Collected data
========

text \<open>W (L f) = M f is well defined on the range of L because |M f| \<le> |L f|; on the rest of N+
  W is defined through the orthogonal projection onto that range.\<close>

lemma contraction_extension:
  assumes L: "clinear_on Np L" "\<And>f. f \<in> Np \<Longrightarrow> L f \<in> Np"
    and M: "clinear_on Np M" "\<And>f. f \<in> Np \<Longrightarrow> M f \<in> Nm"
    and le: "\<And>f. f \<in> Np \<Longrightarrow> norm (M f) \<le> norm (L f)"
  shows "\<exists>W\<in>contractions D A. \<forall>f\<in>Np. W (L f) = M f"
proof -
  have "L ` Np = cspan (L ` Eplus)" using image_cspan[of Eplus L] L(1) Eplus(3) by simp
  then obtain EK where EK: "finite EK" "orthonormal EK" "cspan EK = L ` Np"
    using Gram_Schmidt[of "L ` Eplus"] Eplus(1) by auto
  have M_eq: "M f = M f'" if "f \<in> Np" "f' \<in> Np" "L f = L f'" for f f'
    by (rule dominated_clinear_factors[OF csubspace_Nplus L(1) M(1) le that])
  have "\<exists>f. f \<in> Np \<and> L f = proj EK q" for q
    using proj_in_cspan[of EK q] EK(3) by auto
  then obtain pre where pre: "\<And>q. pre q \<in> Np" "\<And>q. L (pre q) = proj EK q" by metis
  define W where "W q = (if q \<in> Np then M (pre q) else 0)" for q
  have W_L: "W (L f) = M f" if "f \<in> Np" for f
    using that L(2) M_eq[OF pre(1) that] pre(2) proj_cspan_id[OF EK(1,2)] EK(3) by (auto simp: W_def)
  have add: "W (q + q') = W q + W q'" if "q \<in> Np" "q' \<in> Np" for q q'
  proof -
    have "L (pre (q + q')) = L (pre q + pre q')"
      using L(1) pre by (simp add: clinear_on_def proj_add)
    then show ?thesis
      using that M(1) pre M_eq[OF pre(1) csubspace_add[OF csubspace_Nplus pre(1) pre(1)]]
      by (simp add: W_def clinear_on_def csubspace_add[OF csubspace_Nplus])
  qed
  have scale: "W (c *\<^sub>C q) = c *\<^sub>C W q" if "q \<in> Np" for c q
  proof -
    have "L (pre (c *\<^sub>C q)) = L (c *\<^sub>C pre q)"
      using L(1) pre by (simp add: clinear_on_def proj_scaleC)
    then show ?thesis
      using that M(1) pre M_eq[OF pre(1) csubspace_scaleC[OF csubspace_Nplus pre(1)]]
      by (simp add: W_def clinear_on_def csubspace_scaleC[OF csubspace_Nplus])
  qed
  have bound: "norm (W q) \<le> norm q" if "q \<in> Np" for q
  proof -
    have "norm (W q) \<le> norm (L (pre q))" using that le[OF pre(1)] by (simp add: W_def)
    also have "\<dots> \<le> norm q" using pre(2) norm_proj_le[OF EK(1,2)] by simp
    finally show ?thesis .
  qed
  have "W \<in> contractions D A"
    unfolding contractions_def clinear_on_def using add scale bound M(2) pre(1)
    by (auto simp: W_def)
  then show ?thesis using W_L by blast
qed

lemma adj_pair_diff_contraction:
  assumes V: "V \<in> contractions D A" and f: "f \<in> Np"
  shows "adj_pair (f - V f) (\<i> *\<^sub>C f + \<i> *\<^sub>C V f)"
proof -
  have "adj_pair (0 + f + - V f) (A 0 + \<i> *\<^sub>C f - \<i> *\<^sub>C (- V f))"
    by (rule adj_pair_sum[OF csubspace_zero[OF csubspace_D] f
          csubspace_minus[OF csubspace_Nminus contractionsD(2)[OF V f]]])
  then show ?thesis by (simp add: A_zero hs_scaleC_minus_right)
qed

lemma opdist_bdd:
  assumes V: "V \<in> contractions D A" and V': "V' \<in> contractions D A"
  shows "bdd_above ((\<lambda>f. norm (V f - V' f)) ` {f \<in> Np. norm f \<le> 1})"
proof (rule bdd_aboveI[of _ 2])
  fix y assume "y \<in> (\<lambda>f. norm (V f - V' f)) ` {f \<in> Np. norm f \<le> 1}"
  then obtain f where f: "f \<in> Np" "norm f \<le> 1" "y = norm (V f - V' f)" by blast
  have "norm (V f - V' f) \<le> norm (V f) + norm (V' f)" by (rule norm_triangle_ineq4)
  also have "\<dots> \<le> 2" using contractionsD(3)[OF V f(1)] contractionsD(3)[OF V' f(1)] f(2) by simp
  finally show "y \<le> 2" using f(3) by simp
qed

lemma norm_diff_le_opdist:
  assumes V: "V \<in> contractions D A" and V': "V' \<in> contractions D A" and f: "f \<in> Np"
  shows "norm (V f - V' f) \<le> opdist D A V V' * norm f"
proof (cases "f = 0")
  case True
  then show ?thesis using clinear_on_diff[OF csubspace_Nplus contractionsD(1)[OF V] f f]
      clinear_on_diff[OF csubspace_Nplus contractionsD(1)[OF V'] f f] by simp
next
  case False
  define c where "c = complex_of_real (1 / norm f)"
  have nf: "norm f > 0" using False by simp
  have cf: "c *\<^sub>C f \<in> Np" "norm (c *\<^sub>C f) \<le> 1"
    using csubspace_scaleC[OF csubspace_Nplus f] nf by (auto simp: c_def norm_hs_scaleC norm_divide)
  have "norm (V (c *\<^sub>C f) - V' (c *\<^sub>C f)) \<le> opdist D A V V'"
    unfolding opdist_def by (rule cSUP_upper[OF _ opdist_bdd[OF V V']]) (use cf in simp)
  moreover have "norm (V (c *\<^sub>C f) - V' (c *\<^sub>C f)) = norm (V f - V' f) / norm f"
    using contractionsD(1)[OF V] contractionsD(1)[OF V'] f nf
    by (simp add: clinear_on_def hs_scaleC_diff_right[symmetric] norm_hs_scaleC c_def norm_divide)
  ultimately show ?thesis using nf by (simp add: divide_le_eq)
qed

========

- [Work request]
Gather every line from the entries above where the word "defined" appears, and copy them.

- [Answer]
text \<open>W (L f) = M f is well defined on the range of L because |M f| \<le> |L f|; on the rest of N+
  W is defined through the orthogonal projection onto that range.\<close>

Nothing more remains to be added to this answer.